Repeat the listing that follows without a single change.

* _EXTRACTED DATA_:

■ ■ ■ ■

lemma kernel_sectors_Int: "kernel_sector {4,5,6} \<inter> kernel_sector {1,2,3} \<subseteq> {0}"
proof
  fix x
  assume "x \<in> kernel_sector {4,5,6} \<inter> kernel_sector {1,2,3}"
  then have "x = restrict_comps {1,2,3} (restrict_comps {4,5,6} x)"
    by (simp add: kernel_sector_def)
  also have "\<dots> = 0"
    by (auto simp: restrict_comps_def fun_eq_iff)
  finally show "x \<in> {0}" by simp
qed

lemma chiral_conj_in_kernel_sector:
  assumes "u \<in> kernel_sector S"
    and "chiral_conj k (restrict_comps S u) = restrict_comps T (chiral_conj k u)"
  shows "chiral_conj k u \<in> kernel_sector T"
proof -
  have u: "u \<in> ell2_6" "HI bp bm dp dm c k u = (\<lambda>n j. 0)" "restrict_comps S u = u"
    using assms(1) by (simp_all add: kernel_sector_def kerHI_def)
  have "HI bp bm dp dm c k (chiral_conj k u) = (\<lambda>n j. 0)"
    unfolding HI_chiral_conj u(2) by (simp add: chiral_conj_def fun_eq_iff)
  moreover have "restrict_comps T (chiral_conj k u) = chiral_conj k u"
    using assms(2) u(3) by simp
  ultimately show ?thesis
    by (simp add: kernel_sector_def kerHI_def chiral_conj_ell2_6 u(1))
qed

lemma chiral_conj_image_kernel_sector:
  assumes "\<And>u. chiral_conj k (restrict_comps S u) = restrict_comps T (chiral_conj k u)"
    and "\<And>u. chiral_conj k (restrict_comps T u) = restrict_comps S (chiral_conj k u)"
  shows "chiral_conj k ` kernel_sector S = kernel_sector T"
proof
  show "chiral_conj k ` kernel_sector S \<subseteq> kernel_sector T"
    using chiral_conj_in_kernel_sector assms(1) by blast
  show "kernel_sector T \<subseteq> chiral_conj k ` kernel_sector S"
  proof
    fix v
    assume v: "v \<in> kernel_sector T"
    then have "v = chiral_conj k (chiral_conj k v)"
      by (simp add: chiral_conj_involutive kernel_sector_def kerHI_def)
    then show "v \<in> chiral_conj k ` kernel_sector S"
      using chiral_conj_in_kernel_sector[OF v assms(2)] by blast
  qed
qed

lemma chiral_conj_exchanges_kernel_sectors:
  "chiral_conj k ` kernel_sector {4,5,6} = kernel_sector {1,2,3}"
  "chiral_conj k ` kernel_sector {1,2,3} = kernel_sector {4,5,6}"
  by (rule chiral_conj_image_kernel_sector, (rule chiral_conj_restrict_comps)+)+

lemma dim_kernel_sectors_eq:
  assumes "finite B" "kernel_sector {4,5,6} \<subseteq> s6.span B"
  shows "kernel_sector {1,2,3} \<subseteq> s6.span (chiral_conj k ` B)"
    and "s6.dim (kernel_sector {1,2,3}) = s6.dim (kernel_sector {4,5,6})"
proof -
  note J = chiral_conj_add[of k] chiral_conj_scale[of k]
  show W_span: "kernel_sector {1,2,3} \<subseteq> s6.span (chiral_conj k ` B)"
    unfolding chiral_conj_exchanges_kernel_sectors(1)[symmetric]
    using image_mono[OF assms(2)] s6.semilinear_image_span_subset[OF J] by (rule order_trans)
  show "s6.dim (kernel_sector {1,2,3}) = s6.dim (kernel_sector {4,5,6})"
  proof (rule antisym)
    show "s6.dim (kernel_sector {1,2,3}) \<le> s6.dim (kernel_sector {4,5,6})"
      using s6.dim_semilinear_image_le[OF J assms]
      unfolding chiral_conj_exchanges_kernel_sectors(1) .
    show "s6.dim (kernel_sector {4,5,6}) \<le> s6.dim (kernel_sector {1,2,3})"
      using s6.dim_semilinear_image_le[OF J finite_imageI[OF assms(1)] W_span]
      unfolding chiral_conj_exchanges_kernel_sectors(2) .
  qed
qed

context
  assumes b_nonzero: "\<And>n. bseq bp bm n \<noteq> 0"
    and c_nonzero: "\<And>n. cseq bp bm dp dm c n \<noteq> 0"
begin

lemma kernel_sector_456_eq_0:
  assumes "u \<in> kernel_sector {4,5,6}" "u 0 4 = 0" "u (-1) 6 = 0"
  shows "u = 0"
proof -
  have u: "HI bp bm dp dm c k u = (\<lambda>n j. 0)" "restrict_comps {4,5,6} u = u"
    using assms(1) by (simp_all add: kernel_sector_def kerHI_def)
  note transfer = HI_eq_0_transfer[of bp bm dp dm c k u, unfolded u(1),
      OF refl refl refl b_nonzero c_nonzero c_nonzero]
  have state: "u n 4 = 0 \<and> u (n - 1) 6 = 0" for n
  proof (induction n rule: int_induct[where k = 0])
    case base
    then show ?case using assms(2,3) by simp
  next
    case (step1 i)
    then show ?case using transfer(1)[of i] by simp
  next
    case (step2 i)
    then show ?case using transfer(1)[of "i - 1"] by simp
  qed
  have "u n j = 0" for n j
  proof -
    consider "j = 4" | "j = 5" | "j = 6" | "j \<notin> {4,5,6}" by blast
    then show ?thesis
    proof cases
      case 3
      then show ?thesis using state[of "n + 1"] by simp
    next
      case 4
      then show ?thesis using u(2) by (simp add: restrict_comps_eq_self_iff)
    qed (use state transfer(2) in simp_all)
  qed
  then show ?thesis by (simp add: fun_eq_iff)
qed

lemma finite_basis_kernel_sector_456:
  obtains B where "finite B" "kernel_sector {4,5,6} \<subseteq> s6.span B"
proof -
  obtain B where B: "B \<subseteq> kernel_sector {4,5,6}" "s6.independent B"
    "kernel_sector {4,5,6} \<subseteq> s6.span B"
    by (rule s6.basis_exists)
  interpret bv: module_hom scale6 "(*s)" boundary_values by (rule boundary_values_module_hom)
  have "inj_on boundary_values (kernel_sector {4,5,6})"
    unfolding bv.inj_on_iff_eq_0[OF subspace_kernel_sector]
    by (auto simp: boundary_values_def vec_eq_iff forall_2 intro: kernel_sector_456_eq_0)
  moreover have "s6.span B \<subseteq> kernel_sector {4,5,6}"
    using B(1) subspace_kernel_sector by (rule s6.span_minimal)
  ultimately have "inj_on boundary_values (s6.span B)" by (rule inj_on_subset)
  then have "finite B"
    using independent_finite_if_inj_on_linear[OF boundary_values_module_hom
        vec.finite_dimensional_vector_space_axioms B(2)] by blast
  then show ?thesis using B(3) that by blast
qed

■ ■ ■ ■

* _RESULT BELOW_:
lemma kernel_sectors_Int: "kernel_sector {4,5,6} \<inter> kernel_sector {1,2,3} \<subseteq> {0}"
proof
  fix x
  assume "x \<in> kernel_sector {4,5,6} \<inter> kernel_sector {1,2,3}"
  then have "x = restrict_comps {1,2,3} (restrict_comps {4,5,6} x)"
    by (simp add: kernel_sector_def)
  also have "\<dots> = 0"
    by (auto simp: restrict_comps_def fun_eq_iff)
  finally show "x \<in> {0}" by simp
qed

lemma chiral_conj_in_kernel_sector:
  assumes "u \<in> kernel_sector S"
    and "chiral_conj k (restrict_comps S u) = restrict_comps T (chiral_conj k u)"
  shows "chiral_conj k u \<in> kernel_sector T"
proof -
  have u: "u \<in> ell2_6" "HI bp bm dp dm c k u = (\<lambda>n j. 0)" "restrict_comps S u = u"
    using assms(1) by (simp_all add: kernel_sector_def kerHI_def)
  have "HI bp bm dp dm c k (chiral_conj k u) = (\<lambda>n j. 0)"
    unfolding HI_chiral_conj u(2) by (simp add: chiral_conj_def fun_eq_iff)
  moreover have "restrict_comps T (chiral_conj k u) = chiral_conj k u"
    using assms(2) u(3) by simp
  ultimately show ?thesis
    by (simp add: kernel_sector_def kerHI_def chiral_conj_ell2_6 u(1))
qed

lemma chiral_conj_image_kernel_sector:
  assumes "\<And>u. chiral_conj k (restrict_comps S u) = restrict_comps T (chiral_conj k u)"
    and "\<And>u. chiral_conj k (restrict_comps T u) = restrict_comps S (chiral_conj k u)"
  shows "chiral_conj k ` kernel_sector S = kernel_sector T"
proof
  show "chiral_conj k ` kernel_sector S \<subseteq> kernel_sector T"
    using chiral_conj_in_kernel_sector assms(1) by blast
  show "kernel_sector T \<subseteq> chiral_conj k ` kernel_sector S"
  proof
    fix v
    assume v: "v \<in> kernel_sector T"
    then have "v = chiral_conj k (chiral_conj k v)"
      by (simp add: chiral_conj_involutive kernel_sector_def kerHI_def)
    then show "v \<in> chiral_conj k ` kernel_sector S"
      using chiral_conj_in_kernel_sector[OF v assms(2)] by blast
  qed
qed

lemma chiral_conj_exchanges_kernel_sectors:
  "chiral_conj k ` kernel_sector {4,5,6} = kernel_sector {1,2,3}"
  "chiral_conj k ` kernel_sector {1,2,3} = kernel_sector {4,5,6}"
  by (rule chiral_conj_image_kernel_sector, (rule chiral_conj_restrict_comps)+)+

lemma dim_kernel_sectors_eq:
  assumes "finite B" "kernel_sector {4,5,6} \<subseteq> s6.span B"
  shows "kernel_sector {1,2,3} \<subseteq> s6.span (chiral_conj k ` B)"
    and "s6.dim (kernel_sector {1,2,3}) = s6.dim (kernel_sector {4,5,6})"
proof -
  note J = chiral_conj_add[of k] chiral_conj_scale[of k]
  show W_span: "kernel_sector {1,2,3} \<subseteq> s6.span (chiral_conj k ` B)"
    unfolding chiral_conj_exchanges_kernel_sectors(1)[symmetric]
    using image_mono[OF assms(2)] s6.semilinear_image_span_subset[OF J] by (rule order_trans)
  show "s6.dim (kernel_sector {1,2,3}) = s6.dim (kernel_sector {4,5,6})"
  proof (rule antisym)
    show "s6.dim (kernel_sector {1,2,3}) \<le> s6.dim (kernel_sector {4,5,6})"
      using s6.dim_semilinear_image_le[OF J assms]
      unfolding chiral_conj_exchanges_kernel_sectors(1) .
    show "s6.dim (kernel_sector {4,5,6}) \<le> s6.dim (kernel_sector {1,2,3})"
      using s6.dim_semilinear_image_le[OF J finite_imageI[OF assms(1)] W_span]
      unfolding chiral_conj_exchanges_kernel_sectors(2) .
  qed
qed

context
  assumes b_nonzero: "\<And>n. bseq bp bm n \<noteq> 0"
    and c_nonzero: "\<And>n. cseq bp bm dp dm c n \<noteq> 0"
begin

lemma kernel_sector_456_eq_0:
  assumes "u \<in> kernel_sector {4,5,6}" "u 0 4 = 0" "u (-1) 6 = 0"
  shows "u = 0"
proof -
  have u: "HI bp bm dp dm c k u = (\<lambda>n j. 0)" "restrict_comps {4,5,6} u = u"
    using assms(1) by (simp_all add: kernel_sector_def kerHI_def)
  note transfer = HI_eq_0_transfer[of bp bm dp dm c k u, unfolded u(1),
      OF refl refl refl b_nonzero c_nonzero c_nonzero]
  have state: "u n 4 = 0 \<and> u (n - 1) 6 = 0" for n
  proof (induction n rule: int_induct[where k = 0])
    case base
    then show ?case using assms(2,3) by simp
  next
    case (step1 i)
    then show ?case using transfer(1)[of i] by simp
  next
    case (step2 i)
    then show ?case using transfer(1)[of "i - 1"] by simp
  qed
  have "u n j = 0" for n j
  proof -
    consider "j = 4" | "j = 5" | "j = 6" | "j \<notin> {4,5,6}" by blast
    then show ?thesis
    proof cases
      case 3
      then show ?thesis using state[of "n + 1"] by simp
    next
      case 4
      then show ?thesis using u(2) by (simp add: restrict_comps_eq_self_iff)
    qed (use state transfer(2) in simp_all)
  qed
  then show ?thesis by (simp add: fun_eq_iff)
qed

lemma finite_basis_kernel_sector_456:
  obtains B where "finite B" "kernel_sector {4,5,6} \<subseteq> s6.span B"
proof -
  obtain B where B: "B \<subseteq> kernel_sector {4,5,6}" "s6.independent B"
    "kernel_sector {4,5,6} \<subseteq> s6.span B"
    by (rule s6.basis_exists)
  interpret bv: module_hom scale6 "(*s)" boundary_values by (rule boundary_values_module_hom)
  have "inj_on boundary_values (kernel_sector {4,5,6})"
    unfolding bv.inj_on_iff_eq_0[OF subspace_kernel_sector]
    by (auto simp: boundary_values_def vec_eq_iff forall_2 intro: kernel_sector_456_eq_0)
  moreover have "s6.span B \<subseteq> kernel_sector {4,5,6}"
    using B(1) subspace_kernel_sector by (rule s6.span_minimal)
  ultimately have "inj_on boundary_values (s6.span B)" by (rule inj_on_subset)
  then have "finite B"
    using independent_finite_if_inj_on_linear[OF boundary_values_module_hom
        vec.finite_dimensional_vector_space_axioms B(2)] by blast
  then show ?thesis using B(3) that by blast
qed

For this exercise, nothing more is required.